(* Let $\mu>1$, $\gamma=\mu\gamma^N_1$, let $p\ge2$ and $q=p/(p-1)$, and let $(\rho_k)_{k\ge1}$ be an increasing positive sequence with $K_q<\infty$. Then there exists a constant $B_p<\infty$ (depending on $p,\mu,(\rho_k)$ but not on $N$ or $\delta$) such that for all $N\ge3$, all $\delta>0$ and all $z\in C_\delta$, $$\|x(Nz)\|_p^p\le\delta^p\,N\,B_p.$$
   Context: $\gamma^N_1=\frac1{2\sin^2(\pi/N)}$; $\lambda_{k,N}=-1+2\gamma\sin^2(k\pi/N)$ for $0\le k\le N-1$ (indices modulo $N$). $\omega=e^{2\pi i/N}$. $\widehat{\mathbb{R}}^N=\{z\in\mathbb{C}^N:z_k=\overline{z_{N-k}}\ \forall k\}$ (so $z_0\in\mathbb{R}$). For $z\in\widehat{\mathbb{R}}^N$, $x(Nz)\in\mathbb{R}^N$ has components $x_j(Nz)=\sum_{k=0}^{N-1}\omega^{jk}z_k$ (inverse map: $z_k=\frac1N\sum_j\omega^{-jk}x_j$). Given an increasing positive sequence $(\rho_k)_{k\ge1}$, set $r_{0,N}=1$ and $r_{k,N}=r_{N-k,N}=\rho_k$ for $1\le k\le\lfloor N/2\rfloor$; $K_p=\big(\sum_{k\ge1}\rho_k^p/k^p\big)^{1/p}$; for $\delta>0$, $C_\delta=\{z\in\widehat{\mathbb{R}}^N:|z_k|\le\delta\,r_{k,N}/\sqrt{|\lambda_{k,N}|},\ 0\le k\le N-1\}$. $\|y\|_p=(\sum_j|y_j|^p)^{1/p}$. *)

theory Defs
  imports "HOL-Analysis.Analysis"
begin

definition gamma1 :: "nat \<Rightarrow> real" where
  "gamma1 N = 1 / (2 * (sin (pi / real N))^2)"

definition lam :: "real \<Rightarrow> nat \<Rightarrow> nat \<Rightarrow> real" where
  "lam \<gamma> N k = -1 + 2 * \<gamma> * (sin (real k * pi / real N))^2"

definition omega :: "nat \<Rightarrow> complex" where
  "omega N = cis (2 * pi / real N)"

text \<open>hat R^N: vectors z_0..z_{N-1} (as functions on nat, only indices < N matter)
  with z_k = conj z_{N-k}, indices modulo N.\<close>
definition hatR :: "nat \<Rightarrow> (nat \<Rightarrow> complex) set" where
  "hatR N = {z. \<forall>k<N. z k = cnj (z ((N - k) mod N))}"

definition xvec :: "nat \<Rightarrow> (nat \<Rightarrow> complex) \<Rightarrow> nat \<Rightarrow> complex" where
  "xvec N z j = (\<Sum>k<N. omega N ^ (j * k) * z k)"

text \<open>r_{0,N} = 1, r_{k,N} = r_{N-k,N} = rho_k for 1 <= k <= floor(N/2)\<close>
definition rr :: "(nat \<Rightarrow> real) \<Rightarrow> nat \<Rightarrow> nat \<Rightarrow> real" where
  "rr \<rho> N k = (if k mod N = 0 then 1 else \<rho> (min (k mod N) (N - k mod N)))"

definition Cdelta :: "real \<Rightarrow> real \<Rightarrow> (nat \<Rightarrow> real) \<Rightarrow> nat \<Rightarrow> (nat \<Rightarrow> complex) set" where
  "Cdelta \<delta> \<gamma> \<rho> N = {z \<in> hatR N. \<forall>k<N. cmod (z k) \<le> \<delta> * rr \<rho> N k / sqrt \<bar>lam \<gamma> N k\<bar>}"

definition pnorm_pow :: "real \<Rightarrow> nat \<Rightarrow> (nat \<Rightarrow> complex) \<Rightarrow> real" where
  "pnorm_pow p N y = (\<Sum>j<N. cmod (y j) powr p)"

end

theory Submission
  imports Defs
begin

(* Proof idea.  Let w_k = r_{k,N} / sqrt |lambda_{k,N}| (box_radius below), so that z \<in> C_delta
   means |z_k| \<le> delta w_k.  The theorem combines two estimates that are uniform in N.

   (1) A Hausdorff-Young type inequality for the discrete Fourier transform x = x(Nz)
       (dft_hausdorff_young): if |z_k| \<le> a_k for k < N, p \<ge> 2 and q = p/(p-1), then
         sum_j |x_j|^p \<le> C_p N (sum_k a_k^q)^(p-1).
       For p = 2 this is Parseval's identity.  For p > 2 it is proved by a Marcinkiewicz-style
       argument: at each dyadic level t the coefficients are split into large ones (small in
       l^1, so their transform is at most t) and small ones (controlled in l^2 by Parseval),
       which bounds #{j. |x_j| > 2t}; a dyadic layer-cake decomposition of sum_j |x_j|^p and a
       geometric series over the levels then give the inequality.

   (2) lambda_{k,N} \<ge> (mu-1) m^2/9 with m = min k (N-k), from sin x \<ge> x/3 on [0, pi/2];
       hence sum_k w_k^q \<le> K with K independent of N, since sum_k (rho_k/k)^q converges
       (box_radius_power_sum_bound).

   Taking a_k = delta w_k and using q(p-1) = p gives the theorem with B_p = C_p K^(p-1). *)

section \<open>Orthogonality of the discrete Fourier characters and Parseval's identity\<close>

lemma omega_power: "omega N ^ n = cis (real n * (2*pi/real N))"
  unfolding omega_def by (rule Complex.DeMoivre)
(* Let $\lambda$ be a partition of $n$. The number of connected components of the graph $\mathcal A_\lambda$ is at most $d_\lambda$.
   Context: Fix $n\ge1$; $\overline i=i+n\mathbb Z$, $[\overline n]=\{\overline1,\dots,\overline n\}$. A tabloid of shape $\lambda$ is a sequence $(T_1,\dots,T_{\ell(\lambda)})$ of pairwise disjoint subsets of $[\overline n]$ with $|T_r|=\lambda_r$ and union $[\overline n]$ (row 1 highest). $\tau(T)=\{\overline i:\overline i\text{ lies in a strictly higher row than }\overline{i+1}\}$. $T,T'$ are connected by a Knuth move if $T'$ is obtained from $T$ by exchanging $\overline i$ and $\overline{i+1}$ for some $i$ and neither of $\tau(T),\tau(T')$ contains the other. $\mathcal A_\lambda$ is the graph on tabloids of shape $\lambda$ whose edges are Knuth moves. $d_\lambda=\gcd(\lambda'_1,\lambda'_2,\dots)$ with $\lambda'$ the conjugate partition. *)

theory Defs
  imports Main
begin

text \<open>Residues mod n are represented by 0,...,n-1; the successor of i is (i+1) mod n.
  Partitions are weakly decreasing lists of positive naturals; rows are 0-indexed,
  row 0 being the highest.\<close>

definition is_partition :: "nat list \<Rightarrow> nat \<Rightarrow> bool" where
  "is_partition lam n \<longleftrightarrow> sorted_wrt (\<ge>) lam \<and> 0 \<notin> set lam \<and> sum_list lam = n"

definition res_succ :: "nat \<Rightarrow> nat \<Rightarrow> nat" where
  "res_succ n i = (i + 1) mod n"

definition tabloids :: "nat \<Rightarrow> nat list \<Rightarrow> nat set list set" where
  "tabloids n lam = {T. length T = length lam
      \<and> (\<forall>r < length lam. card (T ! r) = lam ! r)
      \<and> (\<forall>r < length lam. \<forall>s < length lam. r \<noteq> s \<longrightarrow> T ! r \<inter> T ! s = {})
      \<and> \<Union> (set T) = {0..<n}}"

definition strictly_higher :: "nat set list \<Rightarrow> nat \<Rightarrow> nat \<Rightarrow> bool" where
  "strictly_higher T a b \<longleftrightarrow> (\<exists>r s. r < s \<and> s < length T \<and> a \<in> T ! r \<and> b \<in> T ! s)"

definition tau :: "nat \<Rightarrow> nat set list \<Rightarrow> nat set" where
  "tau n T = {i \<in> {0..<n}. strictly_higher T i (res_succ n i)}"

definition swap_el :: "nat \<Rightarrow> nat \<Rightarrow> nat \<Rightarrow> nat" where
  "swap_el a b x = (if x = a then b else if x = b then a else x)"

definition exchange :: "nat \<Rightarrow> nat \<Rightarrow> nat set list \<Rightarrow> nat set list" where
  "exchange n i T = map (\<lambda>A. swap_el i (res_succ n i) ` A) T"

definition knuth_move :: "nat \<Rightarrow> nat set list \<Rightarrow> nat set list \<Rightarrow> bool" where
  "knuth_move n T T' \<longleftrightarrow> (\<exists>i \<in> {0..<n}. T' = exchange n i T
      \<and> \<not> tau n T \<subseteq> tau n T' \<and> \<not> tau n T' \<subseteq> tau n T)"

definition knuth_edges :: "nat \<Rightarrow> nat list \<Rightarrow> (nat set list \<times> nat set list) set" where
  "knuth_edges n lam = {(T, T'). T \<in> tabloids n lam \<and> T' \<in> tabloids n lam
      \<and> (knuth_move n T T' \<or> knuth_move n T' T)}"

definition num_components :: "nat \<Rightarrow> nat list \<Rightarrow> nat" where
  "num_components n lam = card (tabloids n lam // ((knuth_edges n lam)\<^sup>*))"

text \<open>Conjugate partition: lam'_j = number of parts \<ge> j (j \<ge> 1).\<close>
definition conj_part :: "nat list \<Rightarrow> nat \<Rightarrow> nat" where
  "conj_part lam j = length (filter (\<lambda>x. j \<le> x) lam)"

definition d_lam :: "nat list \<Rightarrow> nat" where
  "d_lam lam = Gcd (conj_part lam ` {1..sum_list lam})"

end

theory Submission
  imports Defs "HOL-Library.Multiset"
begin
(* Under the interleaved updating scheme with updates $\pi^i_{k,j+1}\in\arg\max_{\hat\pi^i}F_{k,i,j}(\hat\pi^i)$ (maximum assumed attained), the sequence $\{J(\pi_k)\}_{k\ge0}$ converges to some limit $\bar J\in\mathbb R$; the set of limit points of the sequence of joint policies $\{\pi_k\}_{k\ge0}$ is nonempty; and for every subsequence with $\pi_{k_j}\to\bar\pi$ one has $J(\bar\pi)=\bar J$.
   Context: Cooperative Markov game $\langle \mathcal N,\mathcal S,\mathcal A,r,P,d\rangle$ with agents $\mathcal N=[n]=\{1,\dots,n\}$, finite state space $\mathcal S$, finite per-agent action spaces $\mathcal A^i$, joint action space $\mathcal A=\prod_i\mathcal A^i$, joint reward $r:\mathcal S\times\mathcal A\to\mathbb R$ bounded by $|r|\le R_{\max}$, transition kernel $P(\cdot\mid s,a)$, initial distribution $d$, discount $\gamma\in[0,1)$. A policy of agent $i$ is a map $\pi^i(\cdot\mid s)\in\Delta(\mathcal A^i)$ (viewed as a point of the finite-dimensional product of simplices, with the Euclidean topology); a joint policy $\pi=(\pi^i)_i$ acts by $\pi(a\mid s)=\prod_i\pi^i(a^i\mid s)$; write $a=(a^{-i},a^i)$, $\pi^{-i}=(\pi^r)_{r\ne i}$. Return: $J(\pi)=\mathbb E_\pi[\sum_{t\ge0}\gamma^t r(s_t,a_t)]$ with $s_0\sim d$, $a_t\sim\pi(\cdot\mid s_t)$, $s_{t+1}\sim P(\cdot\mid s_t,a_t)$. Value $V_\pi(s)$ and action value $Q_\pi(s,a)$ are the expected discounted returns conditioned on $s_0=s$ (resp. $s_0=s,a_0=a$); joint advantage $A_\pi(s,a)=Q_\pi(s,a)-V_\pi(s)$. Single-agent advantage: $Q^i_\pi(s,a^i)=\mathbb E_{a^{-i}\sim\pi^{-i}(\cdot\mid s)}[Q_\pi(s,(a^{-i},a^i))]$, $A^i_\pi(s,a^i)=Q^i_\pi(s,a^i)-V_\pi(s)$. Discounted state visitation: $\rho_\pi(s)=\sum_{t\ge0}\gamma^t\Pr_\pi(s_t=s)$. Interleaved scheme: rounds $k=0,1,2,\dots$; $\pi_k=(\pi^i_k)_i$ is the joint policy at the start of round $k$ ($\pi_0$ arbitrary). Within round $k$ agents are processed in order $i=1,\dots,n$; agent $i$ performs $K_i\ge1$ micro-steps $j=0,\dots,K_i-1$ producing iterates $\pi^i_{k,0}=\pi^i_k,\pi^i_{k,1},\dots,\pi^i_{k,K_i}$, and then $\pi^i_{k+1}:=\pi^i_{k,K_i}$. Complement policy: $\tau^{-i}_k:=(\{\pi^r_{k+1}\}_{r<i},\{\pi^r_k\}_{r>i})$; baseline joint policy $\Pi_{k,i,j}:=(\tau^{-i}_k,\pi^i_{k,j})$. Surrogate: for a policy $\hat\pi^i$ of agent $i$, $L^i_{\Pi_{k,i,j}}(\tau^{-i}_k,\hat\pi^i):=\sum_{s}\rho_{\Pi_{k,i,j}}(s)\sum_{a^i}\hat\pi^i(a^i\mid s)\,A^i_{\Pi_{k,i,j}}(s,a^i)$. Constants: $\varepsilon_{k,i,j}=\max_{s,a}|A_{\Pi_{k,i,j}}(s,a)|$, $C_{k,i,j}=\frac{4\gamma\varepsilon_{k,i,j}}{(1-\gamma)^2}$. Max conditional KL: $D^{\max}_{\mathrm{KL}}(\mu,\nu)=\sup_s\mathrm{KL}(\mu(\cdot\mid s)\,\|\,\nu(\cdot\mid s))$. Micro-step objective: $F_{k,i,j}(\hat\pi^i):=L^i_{\Pi_{k,i,j}}(\tau^{-i}_k,\hat\pi^i)-C_{k,i,j}\,D^{\max}_{\mathrm{KL}}(\pi^i_{k,j},\hat\pi^i)$. *)

theory Defs
  imports Complex_Main "HOL-Library.FuncSet" "HOL-Library.Extended_Real"
begin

ABOUT THIS TASK — Return exactly, and only, the lines above starting at the line that contains "Taking a_k = delta" and ending at the line that contains "(* Let $\lambda$".

THE COMPLETED TASK —
   Taking a_k = delta w_k and using q(p-1) = p gives the theorem with B_p = C_p K^(p-1). *)

section \<open>Orthogonality of the discrete Fourier characters and Parseval's identity\<close>

lemma omega_power: "omega N ^ n = cis (real n * (2*pi/real N))"
  unfolding omega_def by (rule Complex.DeMoivre)
(* Let $\lambda$ be a partition of $n$. The number of connected components of the graph $\mathcal A_\lambda$ is at most $d_\lambda$.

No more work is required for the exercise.